[Items from a dataset]
lemma Re_powr_one_plus_sum_le:
  fixes C e :: real
  assumes "0 \<le> C" "0 < e" "e < 1" "0 < Re z1" "0 < Re z2"
  defines "S \<equiv> norm (1 + z1) powr e + norm (1 + z2) powr e" and "s \<equiv> Re z1 + Re z2"
    and "c \<equiv> cos (e * pi / 2)"
  shows "Re ((1 + (phiCe C e z1 + phiCe C e z2)) powr complex_of_real e)
    \<le> 2 * (1 + s) powr e + c * S + (2 + c) * (C * S) powr e"
proof -
  define X Y where "X = Re (1 + (phiCe C e z1 + phiCe C e z2))" and "Y = Im (1 + (phiCe C e z1 + phiCe C e z2))"
  note bounds = one_plus_sum_phiCe_bounds[OF assms(1-5), folded X_def Y_def S_def s_def]
  have "0 < c"
    using cos_pi_half_mult_pos[of e] assms by (simp add: c_def)
  have "X powr e \<le> ((1 + s) + C * S) powr e"
    using bounds(1,2) assms(2) by (simp add: powr_mono2)
  also have "\<dots> \<le> (1 + s) powr e + (C * S) powr e"
    using assms by (intro powr_add_le_add_powr) (auto simp: s_def S_def)
  finally have X_bound: "X powr e \<le> (1 + s) powr e + (C * S) powr e" .
  have "\<bar>Y\<bar> powr e \<le> ((\<bar>Im z1\<bar> + \<bar>Im z2\<bar>) + C * S) powr e"
    using bounds(3) assms(2) by (simp add: powr_mono2)
  also have "\<dots> \<le> \<bar>Im z1\<bar> powr e + \<bar>Im z2\<bar> powr e + (C * S) powr e"
    using assms powr_add_le_add_powr[of "\<bar>Im z1\<bar>" "\<bar>Im z2\<bar>" e]
      powr_add_le_add_powr[of "\<bar>Im z1\<bar> + \<bar>Im z2\<bar>" "C * S" e]
    by (simp add: S_def)
  also have "\<dots> \<le> S + (C * S) powr e"
    using abs_Im_le_cmod[of "1 + z1"] abs_Im_le_cmod[of "1 + z2"] assms(2)
      powr_mono2[of e "\<bar>Im z1\<bar>" "norm (1 + z1)"] powr_mono2[of e "\<bar>Im z2\<bar>" "norm (1 + z2)"]
    by (simp add: S_def)
  finally have Y_bound: "\<bar>Y\<bar> powr e \<le> S + (C * S) powr e" .
  have "Complex X Y = 1 + (phiCe C e z1 + phiCe C e z2)"
    by (simp add: X_def Y_def complex_eq_iff)
  then have "Re ((1 + (phiCe C e z1 + phiCe C e z2)) powr complex_of_real e) \<le> 2 * X powr e + c * \<bar>Y\<bar> powr e"
    using Re_Complex_powr_le[OF assms(2,3) bounds(1), of Y] by (simp add: c_def)
  also have "\<dots> \<le> 2 * ((1 + s) powr e + (C * S) powr e) + c * (S + (C * S) powr e)"
    using X_bound Y_bound \<open>0 < c\<close> by (intro add_mono mult_left_mono) auto
  finally show ?thesis
    by (simp add: algebra_simps)
qed
(* Let $G$ be an abelian group and $\phi\in\mathcal{P}^{\mathbb{H}}_*(G)$. If $\mu$ is the unique nonnegative Radon measure on $G^\delta$ with $\phi(g)=\int_{G^\delta}\gamma(g)\,d\mu(\gamma)$ for all $g\in G$, then the restrictions of $\mu^{\hat *}$ and $\mu$ to $G^\delta\setminus G^\delta_{\mathbb{R}}$ are mutually singular.
   Context: $\mathbb{H}$ is the real quaternion algebra, $\mathbb{S}=\{q\in\mathbb{H}:|q|=1\}$. For an abelian group $G$, $\phi:G\to\mathbb{H}$ is positive definite if for all $k$, $g_i\in G$, $q_i\in\mathbb{H}$, $\sum_{i,j=1}^k\overline{q_i}\,\phi(g_j-g_i)\,q_j$ is a nonnegative real number; $\mathcal{P}^{\mathbb{H}}_*(G)$ is the set of such $\phi$ with $\phi(0)=1$. $G^\delta=\mathrm{Hom}(G,\mathbb{S})$ with the topology of pointwise convergence; $G^\delta_{\mathbb{R}}\subseteq G^\delta$ is the subset of real-valued homomorphisms (i.e. with values in $\{\pm1\}$). The involution on $G^\delta$ is $\gamma\mapsto\gamma^*:=\overline{\gamma}$ (pointwise quaternionic conjugation), a homeomorphism of $G^\delta$; for a Radon measure $\mu$ on $G^\delta$, $\mu^{\hat*}$ is the push-forward, $\mu^{\hat*}(\Omega)=\mu(\Omega^* )$ for Borel $\Omega\subseteq G^\delta$, where $\Omega^*=\{\gamma^*:\gamma\in\Omega\}$. *)

theory Defs
  imports "HOL-Analysis.Analysis"
begin

text \<open>A quaternion a + b j (a, b complex, j z = cnj z j) is the pair (a, b).
  Addition, real scaling and the norm of the product type complex \<times> complex
  coincide with those of the quaternions.\<close>

type_synonym quat = "complex \<times> complex"

definition qmul :: "quat \<Rightarrow> quat \<Rightarrow> quat" where
  "qmul p q = (fst p * fst q - snd p * cnj (snd q), fst p * snd q + snd p * cnj (fst q))"

definition qcnj :: "quat \<Rightarrow> quat" where
  "qcnj q = (cnj (fst q), - snd q)"

definition qone :: quat where
  "qone = (1, 0)"

definition qreal :: "real \<Rightarrow> quat" where
  "qreal r = (complex_of_real r, 0)"

definition pos_def_quat :: "('g::ab_group_add \<Rightarrow> quat) \<Rightarrow> bool" where
  "pos_def_quat \<phi> \<longleftrightarrow>
     (\<forall>(k::nat) (g::nat \<Rightarrow> 'g) (q::nat \<Rightarrow> quat).
        \<exists>r\<ge>0. (\<Sum>i<k. \<Sum>j<k. qmul (qmul (qcnj (q i)) (\<phi> (g j - g i))) (q j)) = qreal r)"

definition P_star :: "('g::ab_group_add \<Rightarrow> quat) set" where
  "P_star = {\<phi>. pos_def_quat \<phi> \<and> \<phi> 0 = qone}"

text \<open>Topology of pointwise convergence = product topology on 'g \<Rightarrow> quat.\<close>

definition dual_hom :: "('g::ab_group_add \<Rightarrow> quat) set" where
  "dual_hom = {\<gamma>. (\<forall>g h. \<gamma> (g + h) = qmul (\<gamma> g) (\<gamma> h)) \<and> (\<forall>g. norm (\<gamma> g) = 1)}"

definition dual_hom_real :: "('g::ab_group_add \<Rightarrow> quat) set" where
  "dual_hom_real = {\<gamma> \<in> dual_hom. \<forall>g. \<gamma> g \<in> range qreal}"
lemma alpha_trace_cell_less:
  assumes "graph V E" and "Kst_free s t V E" and "stable_in V E S" and "card S = alpha V E"
    and "t \<le> s" and "Y \<subseteq> S" and "card Y \<le> t"
  shows "alpha (trace_cell V E t S Y) E < s"
proof (rule alpha_lessI)
  let ?C = "trace_cell V E t S Y"
  have "?C \<subseteq> V" by (auto simp: trace_cell_def)
  then show "finite ?C" using graph_finite[OF assms(1)] by (rule finite_subset)
  fix Q assume "stable_in ?C E Q"
  with \<open>?C \<subseteq> V\<close> have "stable_in V E Q" and "Q \<subseteq> ?C" by (auto simp: stable_in_def)
  show "card Q < s"
  proof (cases "card Y < t")
    case True
    then have "\<forall>x\<in>Q. \<forall>y\<in>S - Y. x \<noteq> y \<and> \<not> E x y"
      using \<open>Q \<subseteq> ?C\<close> by (auto simp: trace_cell_def stable_trace_def)
    then have "card Q \<le> card Y"
      using card_stable_le_exchange[OF assms(1,3,4,6) \<open>stable_in V E Q\<close>] by blast
    with True assms(5) show ?thesis by linarith
  next
    case False
    then have "card Y = t" and "\<forall>x\<in>Q. \<forall>y\<in>Y. E x y"
      using assms(7) \<open>Q \<subseteq> ?C\<close> by (auto simp: trace_cell_def)
    moreover have "stable_in V E Y" using assms(3,6) by (auto simp: stable_in_def)
    ultimately show ?thesis
      using Kst_free_common_neighbourhood[OF assms(1,2)] \<open>stable_in V E Q\<close> by blast
  qed
qed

__Task description__.
For every line above that includes the string "lemma", copy the line.

__Output below__.
lemma Re_powr_one_plus_sum_le:
lemma alpha_trace_cell_less:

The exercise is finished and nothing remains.